== INPUT FOR THIS TASK ==
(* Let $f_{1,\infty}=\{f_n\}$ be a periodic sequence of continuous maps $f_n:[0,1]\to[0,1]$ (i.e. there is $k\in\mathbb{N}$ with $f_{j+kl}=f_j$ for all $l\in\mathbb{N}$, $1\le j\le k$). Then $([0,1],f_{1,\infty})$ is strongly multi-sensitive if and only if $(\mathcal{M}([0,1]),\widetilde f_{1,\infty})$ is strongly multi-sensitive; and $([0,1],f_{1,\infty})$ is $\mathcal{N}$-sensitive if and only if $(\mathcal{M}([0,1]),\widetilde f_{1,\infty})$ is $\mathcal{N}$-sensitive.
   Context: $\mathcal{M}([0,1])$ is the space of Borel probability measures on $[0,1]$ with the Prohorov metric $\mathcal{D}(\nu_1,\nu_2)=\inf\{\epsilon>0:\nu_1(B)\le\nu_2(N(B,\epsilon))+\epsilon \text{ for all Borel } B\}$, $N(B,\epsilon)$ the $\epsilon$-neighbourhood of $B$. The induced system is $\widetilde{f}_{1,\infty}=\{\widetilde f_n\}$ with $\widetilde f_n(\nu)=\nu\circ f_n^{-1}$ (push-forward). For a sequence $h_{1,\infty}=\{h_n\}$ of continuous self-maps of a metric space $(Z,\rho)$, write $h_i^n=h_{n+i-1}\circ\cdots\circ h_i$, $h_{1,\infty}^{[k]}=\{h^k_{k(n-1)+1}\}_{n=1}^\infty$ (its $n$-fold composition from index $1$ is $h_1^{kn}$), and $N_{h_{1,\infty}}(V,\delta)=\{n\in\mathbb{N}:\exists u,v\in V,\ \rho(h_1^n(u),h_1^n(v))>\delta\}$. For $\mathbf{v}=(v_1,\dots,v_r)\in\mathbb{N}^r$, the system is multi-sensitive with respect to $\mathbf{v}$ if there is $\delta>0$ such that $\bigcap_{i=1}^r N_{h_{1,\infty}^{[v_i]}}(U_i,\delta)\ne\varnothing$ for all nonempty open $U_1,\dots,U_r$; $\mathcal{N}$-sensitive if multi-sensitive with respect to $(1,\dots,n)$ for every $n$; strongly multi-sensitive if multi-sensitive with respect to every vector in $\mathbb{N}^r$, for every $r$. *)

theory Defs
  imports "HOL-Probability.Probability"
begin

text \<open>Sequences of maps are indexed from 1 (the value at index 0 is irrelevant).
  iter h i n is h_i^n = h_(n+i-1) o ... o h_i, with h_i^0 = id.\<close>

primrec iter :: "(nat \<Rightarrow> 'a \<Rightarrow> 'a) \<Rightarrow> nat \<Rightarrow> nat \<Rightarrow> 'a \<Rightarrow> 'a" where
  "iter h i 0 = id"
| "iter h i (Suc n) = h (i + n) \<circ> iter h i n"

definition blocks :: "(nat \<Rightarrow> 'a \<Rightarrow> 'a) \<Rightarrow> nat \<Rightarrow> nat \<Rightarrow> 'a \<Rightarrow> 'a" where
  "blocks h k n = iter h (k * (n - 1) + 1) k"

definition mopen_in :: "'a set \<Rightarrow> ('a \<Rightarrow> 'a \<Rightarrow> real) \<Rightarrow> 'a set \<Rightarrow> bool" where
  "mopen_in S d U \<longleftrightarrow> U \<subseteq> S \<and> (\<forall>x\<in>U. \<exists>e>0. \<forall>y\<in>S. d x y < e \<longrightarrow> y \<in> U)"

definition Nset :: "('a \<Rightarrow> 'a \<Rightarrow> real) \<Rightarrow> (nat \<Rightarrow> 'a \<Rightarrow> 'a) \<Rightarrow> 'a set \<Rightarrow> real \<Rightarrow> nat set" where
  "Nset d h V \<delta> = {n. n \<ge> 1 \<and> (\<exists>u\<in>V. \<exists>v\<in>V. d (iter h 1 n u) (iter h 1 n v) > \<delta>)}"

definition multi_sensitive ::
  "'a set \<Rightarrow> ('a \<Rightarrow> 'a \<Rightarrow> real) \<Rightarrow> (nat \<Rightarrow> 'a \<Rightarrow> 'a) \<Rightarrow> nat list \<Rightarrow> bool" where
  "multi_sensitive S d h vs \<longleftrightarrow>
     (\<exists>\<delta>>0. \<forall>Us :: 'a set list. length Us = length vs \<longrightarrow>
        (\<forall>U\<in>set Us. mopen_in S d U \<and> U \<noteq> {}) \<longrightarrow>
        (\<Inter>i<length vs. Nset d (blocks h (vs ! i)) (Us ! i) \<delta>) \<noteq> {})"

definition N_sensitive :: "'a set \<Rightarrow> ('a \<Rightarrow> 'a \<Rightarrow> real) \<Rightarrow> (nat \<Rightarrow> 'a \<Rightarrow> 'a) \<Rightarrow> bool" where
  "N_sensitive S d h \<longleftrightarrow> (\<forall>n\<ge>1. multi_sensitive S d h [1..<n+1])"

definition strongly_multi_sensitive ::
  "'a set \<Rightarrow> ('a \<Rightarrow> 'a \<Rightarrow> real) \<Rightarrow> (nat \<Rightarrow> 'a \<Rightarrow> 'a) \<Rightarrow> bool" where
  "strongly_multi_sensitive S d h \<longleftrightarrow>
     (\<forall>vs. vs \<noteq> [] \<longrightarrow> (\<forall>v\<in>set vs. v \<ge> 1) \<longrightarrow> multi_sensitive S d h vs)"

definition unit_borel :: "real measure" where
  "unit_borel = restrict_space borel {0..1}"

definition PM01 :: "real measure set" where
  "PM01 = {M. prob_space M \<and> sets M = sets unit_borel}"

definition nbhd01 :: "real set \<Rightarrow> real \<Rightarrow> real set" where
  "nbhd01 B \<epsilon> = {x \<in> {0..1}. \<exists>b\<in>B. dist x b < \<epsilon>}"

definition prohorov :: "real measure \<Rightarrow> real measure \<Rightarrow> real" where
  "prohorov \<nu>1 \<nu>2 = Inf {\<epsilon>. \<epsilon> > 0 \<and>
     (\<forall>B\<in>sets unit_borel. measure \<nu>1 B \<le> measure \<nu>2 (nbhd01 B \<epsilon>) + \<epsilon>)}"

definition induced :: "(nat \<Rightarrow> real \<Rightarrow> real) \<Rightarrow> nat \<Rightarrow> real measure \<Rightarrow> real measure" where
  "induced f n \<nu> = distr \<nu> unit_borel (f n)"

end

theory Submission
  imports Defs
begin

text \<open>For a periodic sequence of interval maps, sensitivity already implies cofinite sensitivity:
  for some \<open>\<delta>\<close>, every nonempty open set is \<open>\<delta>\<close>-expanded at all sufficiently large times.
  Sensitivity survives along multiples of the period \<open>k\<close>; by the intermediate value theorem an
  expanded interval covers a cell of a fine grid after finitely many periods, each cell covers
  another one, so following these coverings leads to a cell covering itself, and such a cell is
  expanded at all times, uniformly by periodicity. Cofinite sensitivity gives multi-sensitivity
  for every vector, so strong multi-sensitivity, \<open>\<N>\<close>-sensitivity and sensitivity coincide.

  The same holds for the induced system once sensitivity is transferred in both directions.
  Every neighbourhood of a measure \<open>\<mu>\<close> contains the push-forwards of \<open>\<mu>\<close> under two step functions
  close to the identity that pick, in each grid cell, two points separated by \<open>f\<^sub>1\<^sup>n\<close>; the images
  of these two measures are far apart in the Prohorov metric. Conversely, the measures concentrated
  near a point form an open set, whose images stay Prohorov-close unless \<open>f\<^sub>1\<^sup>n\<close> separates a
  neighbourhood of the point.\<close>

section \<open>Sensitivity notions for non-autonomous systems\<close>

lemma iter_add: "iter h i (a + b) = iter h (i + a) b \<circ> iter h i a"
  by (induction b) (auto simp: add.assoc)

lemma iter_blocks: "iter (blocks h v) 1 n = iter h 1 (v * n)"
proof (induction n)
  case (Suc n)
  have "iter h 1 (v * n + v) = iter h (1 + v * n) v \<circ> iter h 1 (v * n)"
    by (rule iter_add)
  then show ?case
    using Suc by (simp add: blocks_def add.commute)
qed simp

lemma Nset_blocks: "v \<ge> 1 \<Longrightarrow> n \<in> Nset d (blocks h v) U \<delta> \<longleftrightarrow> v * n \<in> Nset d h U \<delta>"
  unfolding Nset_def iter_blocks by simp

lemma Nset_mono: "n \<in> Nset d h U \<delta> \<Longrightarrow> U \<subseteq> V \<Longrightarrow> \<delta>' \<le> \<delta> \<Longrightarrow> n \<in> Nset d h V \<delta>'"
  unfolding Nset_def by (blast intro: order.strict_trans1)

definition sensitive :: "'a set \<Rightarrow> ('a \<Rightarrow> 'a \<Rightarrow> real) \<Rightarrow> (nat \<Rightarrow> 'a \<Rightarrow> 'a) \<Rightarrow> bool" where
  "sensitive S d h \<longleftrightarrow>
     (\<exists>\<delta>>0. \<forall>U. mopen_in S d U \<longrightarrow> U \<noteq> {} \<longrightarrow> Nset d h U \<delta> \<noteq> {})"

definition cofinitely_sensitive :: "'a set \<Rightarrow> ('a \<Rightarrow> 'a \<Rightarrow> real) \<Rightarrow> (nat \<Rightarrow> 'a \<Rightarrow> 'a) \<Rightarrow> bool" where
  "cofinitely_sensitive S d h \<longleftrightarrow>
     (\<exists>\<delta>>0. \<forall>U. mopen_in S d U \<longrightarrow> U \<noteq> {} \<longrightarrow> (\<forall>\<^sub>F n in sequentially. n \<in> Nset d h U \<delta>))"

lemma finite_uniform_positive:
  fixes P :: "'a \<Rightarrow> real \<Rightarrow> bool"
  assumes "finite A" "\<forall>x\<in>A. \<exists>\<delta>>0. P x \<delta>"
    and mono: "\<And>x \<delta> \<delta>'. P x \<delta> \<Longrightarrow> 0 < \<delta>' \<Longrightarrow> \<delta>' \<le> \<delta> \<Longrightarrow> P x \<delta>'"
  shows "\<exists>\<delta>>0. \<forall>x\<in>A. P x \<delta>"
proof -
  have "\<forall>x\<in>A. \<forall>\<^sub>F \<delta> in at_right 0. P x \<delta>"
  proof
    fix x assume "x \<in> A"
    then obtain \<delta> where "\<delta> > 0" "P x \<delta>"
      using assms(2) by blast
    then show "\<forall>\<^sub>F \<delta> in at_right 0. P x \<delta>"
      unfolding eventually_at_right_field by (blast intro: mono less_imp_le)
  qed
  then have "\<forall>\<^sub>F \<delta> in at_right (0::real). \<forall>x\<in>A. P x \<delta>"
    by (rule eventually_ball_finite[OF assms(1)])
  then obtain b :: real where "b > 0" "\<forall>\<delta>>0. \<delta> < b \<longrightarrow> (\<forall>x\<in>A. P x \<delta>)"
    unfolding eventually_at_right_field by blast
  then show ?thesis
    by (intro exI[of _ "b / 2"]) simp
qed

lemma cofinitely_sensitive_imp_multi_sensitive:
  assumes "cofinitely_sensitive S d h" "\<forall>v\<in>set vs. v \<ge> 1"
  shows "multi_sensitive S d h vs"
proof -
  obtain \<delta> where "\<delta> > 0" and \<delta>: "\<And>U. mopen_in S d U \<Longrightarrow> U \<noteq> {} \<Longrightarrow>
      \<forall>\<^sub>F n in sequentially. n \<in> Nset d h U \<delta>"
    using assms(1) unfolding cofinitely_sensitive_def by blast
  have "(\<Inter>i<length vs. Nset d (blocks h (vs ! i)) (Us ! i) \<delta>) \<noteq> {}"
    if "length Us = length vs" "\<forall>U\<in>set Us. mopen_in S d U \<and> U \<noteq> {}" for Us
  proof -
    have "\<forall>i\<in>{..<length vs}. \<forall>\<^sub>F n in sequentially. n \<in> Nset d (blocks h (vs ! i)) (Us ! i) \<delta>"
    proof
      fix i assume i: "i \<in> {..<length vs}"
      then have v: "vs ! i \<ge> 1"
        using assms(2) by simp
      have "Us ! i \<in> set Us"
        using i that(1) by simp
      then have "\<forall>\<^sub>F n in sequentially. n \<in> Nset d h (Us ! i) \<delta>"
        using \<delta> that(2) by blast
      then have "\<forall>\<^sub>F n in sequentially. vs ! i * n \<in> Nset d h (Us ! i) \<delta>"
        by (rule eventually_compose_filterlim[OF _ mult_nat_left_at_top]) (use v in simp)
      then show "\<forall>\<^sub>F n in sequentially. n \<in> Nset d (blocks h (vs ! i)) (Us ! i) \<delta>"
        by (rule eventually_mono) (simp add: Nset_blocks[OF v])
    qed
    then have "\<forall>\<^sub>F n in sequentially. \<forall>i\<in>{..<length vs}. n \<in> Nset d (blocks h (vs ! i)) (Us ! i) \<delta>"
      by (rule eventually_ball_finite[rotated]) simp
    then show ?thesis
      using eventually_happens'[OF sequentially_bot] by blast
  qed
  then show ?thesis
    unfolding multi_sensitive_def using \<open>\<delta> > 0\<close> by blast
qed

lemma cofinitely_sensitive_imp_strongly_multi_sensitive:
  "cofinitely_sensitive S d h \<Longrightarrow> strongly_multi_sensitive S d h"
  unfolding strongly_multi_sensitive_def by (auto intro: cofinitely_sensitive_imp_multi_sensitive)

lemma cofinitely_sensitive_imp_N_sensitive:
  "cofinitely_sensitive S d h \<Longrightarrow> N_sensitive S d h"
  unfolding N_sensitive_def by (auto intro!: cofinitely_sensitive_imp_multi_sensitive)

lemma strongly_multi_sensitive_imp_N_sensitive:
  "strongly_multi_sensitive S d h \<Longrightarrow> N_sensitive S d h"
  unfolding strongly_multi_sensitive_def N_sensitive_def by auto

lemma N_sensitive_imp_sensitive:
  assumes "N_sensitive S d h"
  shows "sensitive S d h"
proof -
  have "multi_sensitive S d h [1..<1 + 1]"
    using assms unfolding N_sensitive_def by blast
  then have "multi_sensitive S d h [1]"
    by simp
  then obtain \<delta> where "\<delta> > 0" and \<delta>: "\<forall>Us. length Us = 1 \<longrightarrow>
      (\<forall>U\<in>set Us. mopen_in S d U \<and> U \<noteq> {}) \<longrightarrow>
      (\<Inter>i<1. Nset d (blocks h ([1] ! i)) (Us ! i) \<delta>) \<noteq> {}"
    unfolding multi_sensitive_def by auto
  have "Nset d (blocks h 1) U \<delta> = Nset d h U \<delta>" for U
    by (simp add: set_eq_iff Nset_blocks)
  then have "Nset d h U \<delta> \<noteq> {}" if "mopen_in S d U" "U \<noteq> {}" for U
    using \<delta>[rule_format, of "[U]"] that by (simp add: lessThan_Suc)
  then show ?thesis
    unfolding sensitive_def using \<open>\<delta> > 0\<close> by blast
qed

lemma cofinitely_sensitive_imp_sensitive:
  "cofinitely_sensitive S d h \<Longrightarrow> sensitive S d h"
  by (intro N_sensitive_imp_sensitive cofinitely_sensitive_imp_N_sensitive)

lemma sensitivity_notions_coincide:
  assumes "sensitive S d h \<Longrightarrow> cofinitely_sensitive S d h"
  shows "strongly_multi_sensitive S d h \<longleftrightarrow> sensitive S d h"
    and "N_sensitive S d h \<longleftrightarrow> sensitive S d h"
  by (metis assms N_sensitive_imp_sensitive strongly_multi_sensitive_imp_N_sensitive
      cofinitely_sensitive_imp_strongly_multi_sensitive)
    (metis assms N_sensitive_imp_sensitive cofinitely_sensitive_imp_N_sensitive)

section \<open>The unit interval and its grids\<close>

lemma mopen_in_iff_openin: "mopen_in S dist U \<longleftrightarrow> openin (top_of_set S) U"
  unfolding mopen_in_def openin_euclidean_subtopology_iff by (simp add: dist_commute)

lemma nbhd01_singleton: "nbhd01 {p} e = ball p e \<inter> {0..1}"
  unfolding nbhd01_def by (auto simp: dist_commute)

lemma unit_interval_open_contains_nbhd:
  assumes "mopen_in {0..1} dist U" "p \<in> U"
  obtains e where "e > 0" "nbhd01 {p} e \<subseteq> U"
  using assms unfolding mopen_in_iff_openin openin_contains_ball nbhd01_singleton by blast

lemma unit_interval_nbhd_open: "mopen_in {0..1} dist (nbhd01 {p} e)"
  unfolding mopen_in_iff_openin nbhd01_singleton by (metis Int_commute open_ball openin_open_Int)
===
== INPUT FOR THIS TASK ==
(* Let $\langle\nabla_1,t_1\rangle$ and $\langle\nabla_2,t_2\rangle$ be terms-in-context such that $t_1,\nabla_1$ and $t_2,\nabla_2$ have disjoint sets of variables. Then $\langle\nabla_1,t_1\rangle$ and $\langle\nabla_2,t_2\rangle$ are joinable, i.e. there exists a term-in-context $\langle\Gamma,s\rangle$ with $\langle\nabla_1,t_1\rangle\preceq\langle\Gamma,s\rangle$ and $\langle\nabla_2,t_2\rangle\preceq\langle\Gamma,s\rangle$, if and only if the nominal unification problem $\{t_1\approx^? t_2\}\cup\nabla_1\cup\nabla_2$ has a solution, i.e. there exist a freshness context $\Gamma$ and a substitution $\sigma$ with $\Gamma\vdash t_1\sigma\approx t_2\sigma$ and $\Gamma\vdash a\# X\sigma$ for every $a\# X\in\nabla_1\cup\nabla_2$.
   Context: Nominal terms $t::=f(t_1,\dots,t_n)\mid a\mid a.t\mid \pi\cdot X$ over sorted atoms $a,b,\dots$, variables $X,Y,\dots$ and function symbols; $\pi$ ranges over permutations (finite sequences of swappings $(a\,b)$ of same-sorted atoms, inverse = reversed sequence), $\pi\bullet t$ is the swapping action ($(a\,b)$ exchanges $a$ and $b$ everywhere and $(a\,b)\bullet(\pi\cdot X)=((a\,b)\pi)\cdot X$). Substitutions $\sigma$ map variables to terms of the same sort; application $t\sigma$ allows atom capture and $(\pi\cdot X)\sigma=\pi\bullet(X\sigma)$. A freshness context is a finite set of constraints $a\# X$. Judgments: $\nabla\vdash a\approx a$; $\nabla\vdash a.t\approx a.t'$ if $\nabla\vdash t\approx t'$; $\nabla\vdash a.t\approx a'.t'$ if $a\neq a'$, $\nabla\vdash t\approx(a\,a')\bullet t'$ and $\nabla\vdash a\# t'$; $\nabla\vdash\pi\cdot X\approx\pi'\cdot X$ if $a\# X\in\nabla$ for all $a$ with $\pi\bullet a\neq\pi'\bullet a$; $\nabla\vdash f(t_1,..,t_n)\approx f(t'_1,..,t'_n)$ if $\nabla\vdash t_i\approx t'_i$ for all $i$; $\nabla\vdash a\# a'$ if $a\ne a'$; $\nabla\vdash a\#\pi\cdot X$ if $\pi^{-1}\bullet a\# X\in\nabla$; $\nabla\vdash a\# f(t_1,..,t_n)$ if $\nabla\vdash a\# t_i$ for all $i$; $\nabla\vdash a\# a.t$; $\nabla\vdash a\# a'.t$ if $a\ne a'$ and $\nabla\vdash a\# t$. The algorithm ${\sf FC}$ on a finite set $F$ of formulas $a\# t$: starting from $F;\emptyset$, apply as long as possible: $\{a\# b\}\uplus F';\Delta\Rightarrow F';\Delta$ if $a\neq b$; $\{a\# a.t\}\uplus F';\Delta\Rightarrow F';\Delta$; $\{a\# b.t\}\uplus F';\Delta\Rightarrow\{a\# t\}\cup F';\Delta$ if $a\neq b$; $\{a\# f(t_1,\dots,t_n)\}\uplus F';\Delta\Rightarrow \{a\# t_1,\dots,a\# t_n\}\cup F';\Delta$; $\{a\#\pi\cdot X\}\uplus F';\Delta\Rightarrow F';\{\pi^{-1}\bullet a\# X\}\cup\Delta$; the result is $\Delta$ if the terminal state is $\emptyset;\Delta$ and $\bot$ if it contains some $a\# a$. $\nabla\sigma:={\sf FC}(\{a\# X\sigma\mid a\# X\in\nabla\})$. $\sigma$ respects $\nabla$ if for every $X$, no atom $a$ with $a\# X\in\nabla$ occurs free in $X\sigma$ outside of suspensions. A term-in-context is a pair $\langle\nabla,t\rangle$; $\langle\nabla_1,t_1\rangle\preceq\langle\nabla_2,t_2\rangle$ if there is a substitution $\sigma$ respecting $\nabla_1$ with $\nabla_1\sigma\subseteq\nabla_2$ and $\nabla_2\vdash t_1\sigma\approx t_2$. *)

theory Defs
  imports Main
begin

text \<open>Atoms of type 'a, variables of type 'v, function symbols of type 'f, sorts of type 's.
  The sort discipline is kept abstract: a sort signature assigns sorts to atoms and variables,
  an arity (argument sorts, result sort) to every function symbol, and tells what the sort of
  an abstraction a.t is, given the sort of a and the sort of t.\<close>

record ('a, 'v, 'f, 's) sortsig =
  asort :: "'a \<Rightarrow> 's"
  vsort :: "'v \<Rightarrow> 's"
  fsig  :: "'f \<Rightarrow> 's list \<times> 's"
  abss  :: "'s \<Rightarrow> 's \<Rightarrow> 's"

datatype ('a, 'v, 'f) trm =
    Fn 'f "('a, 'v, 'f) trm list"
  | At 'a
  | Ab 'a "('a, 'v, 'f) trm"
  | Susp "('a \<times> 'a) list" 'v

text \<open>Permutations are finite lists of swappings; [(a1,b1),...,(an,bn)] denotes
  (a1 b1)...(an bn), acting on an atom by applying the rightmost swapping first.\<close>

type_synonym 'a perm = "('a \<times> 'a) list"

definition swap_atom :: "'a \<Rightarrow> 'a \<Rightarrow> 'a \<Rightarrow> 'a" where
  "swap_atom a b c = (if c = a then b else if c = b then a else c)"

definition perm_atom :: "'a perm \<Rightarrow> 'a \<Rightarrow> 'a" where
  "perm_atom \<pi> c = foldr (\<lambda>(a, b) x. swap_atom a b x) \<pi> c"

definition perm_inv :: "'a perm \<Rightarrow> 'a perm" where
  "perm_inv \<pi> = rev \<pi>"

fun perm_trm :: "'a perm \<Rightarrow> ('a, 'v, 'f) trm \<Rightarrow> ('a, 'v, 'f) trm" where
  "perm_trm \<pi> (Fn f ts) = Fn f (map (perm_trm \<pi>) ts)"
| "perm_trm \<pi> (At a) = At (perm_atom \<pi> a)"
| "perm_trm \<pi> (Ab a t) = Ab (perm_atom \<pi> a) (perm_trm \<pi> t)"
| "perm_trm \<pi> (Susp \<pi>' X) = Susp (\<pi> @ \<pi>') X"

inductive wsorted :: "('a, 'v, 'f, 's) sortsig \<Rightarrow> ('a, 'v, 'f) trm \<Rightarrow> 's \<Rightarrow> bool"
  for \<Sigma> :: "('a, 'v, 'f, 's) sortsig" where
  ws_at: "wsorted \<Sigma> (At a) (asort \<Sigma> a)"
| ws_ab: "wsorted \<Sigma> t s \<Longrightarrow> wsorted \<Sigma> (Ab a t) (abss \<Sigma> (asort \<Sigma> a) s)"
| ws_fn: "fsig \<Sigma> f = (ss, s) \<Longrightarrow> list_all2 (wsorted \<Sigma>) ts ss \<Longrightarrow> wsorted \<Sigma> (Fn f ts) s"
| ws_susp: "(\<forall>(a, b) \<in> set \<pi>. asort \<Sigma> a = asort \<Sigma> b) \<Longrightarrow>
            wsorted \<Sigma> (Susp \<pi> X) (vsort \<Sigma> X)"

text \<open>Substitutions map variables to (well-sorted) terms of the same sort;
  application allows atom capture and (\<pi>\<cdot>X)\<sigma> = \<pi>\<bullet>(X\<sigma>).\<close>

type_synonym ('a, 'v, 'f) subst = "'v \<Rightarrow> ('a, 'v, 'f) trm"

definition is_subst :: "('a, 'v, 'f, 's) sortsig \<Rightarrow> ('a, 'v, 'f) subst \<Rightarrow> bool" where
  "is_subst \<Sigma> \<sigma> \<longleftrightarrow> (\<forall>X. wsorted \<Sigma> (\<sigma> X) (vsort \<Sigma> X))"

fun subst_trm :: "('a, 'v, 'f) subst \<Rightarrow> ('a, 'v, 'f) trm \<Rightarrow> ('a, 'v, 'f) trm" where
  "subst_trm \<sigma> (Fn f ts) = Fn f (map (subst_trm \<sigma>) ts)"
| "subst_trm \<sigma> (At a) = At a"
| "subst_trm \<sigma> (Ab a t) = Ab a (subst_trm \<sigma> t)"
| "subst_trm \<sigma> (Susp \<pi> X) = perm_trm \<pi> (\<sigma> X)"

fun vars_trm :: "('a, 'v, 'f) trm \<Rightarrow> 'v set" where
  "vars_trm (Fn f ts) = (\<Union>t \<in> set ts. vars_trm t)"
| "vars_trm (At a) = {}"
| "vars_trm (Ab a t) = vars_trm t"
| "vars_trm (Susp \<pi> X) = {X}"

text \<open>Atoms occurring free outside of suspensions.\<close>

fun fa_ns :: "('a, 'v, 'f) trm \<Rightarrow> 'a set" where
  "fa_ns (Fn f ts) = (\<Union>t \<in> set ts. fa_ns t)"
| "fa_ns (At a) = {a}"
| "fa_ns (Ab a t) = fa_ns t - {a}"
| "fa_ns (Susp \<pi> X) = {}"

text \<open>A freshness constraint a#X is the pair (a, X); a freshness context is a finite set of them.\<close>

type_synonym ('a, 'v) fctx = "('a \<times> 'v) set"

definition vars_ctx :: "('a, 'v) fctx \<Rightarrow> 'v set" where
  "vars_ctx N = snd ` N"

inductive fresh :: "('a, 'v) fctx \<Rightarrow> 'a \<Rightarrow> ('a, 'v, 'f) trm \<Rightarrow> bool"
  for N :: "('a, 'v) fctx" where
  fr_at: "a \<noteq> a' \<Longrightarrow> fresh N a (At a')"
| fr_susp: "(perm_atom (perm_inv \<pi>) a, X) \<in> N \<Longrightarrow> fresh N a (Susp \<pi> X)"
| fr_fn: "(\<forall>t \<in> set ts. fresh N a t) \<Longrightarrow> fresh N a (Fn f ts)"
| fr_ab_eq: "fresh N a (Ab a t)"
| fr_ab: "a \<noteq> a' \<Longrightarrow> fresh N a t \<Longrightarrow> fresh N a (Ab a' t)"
===
**REQUIREMENT:** Among the lines above, which contain the word "imports"? Copy every one.

**EXERCISE RESPONSE:**
  imports "HOL-Probability.Probability"
  imports Defs
  imports Main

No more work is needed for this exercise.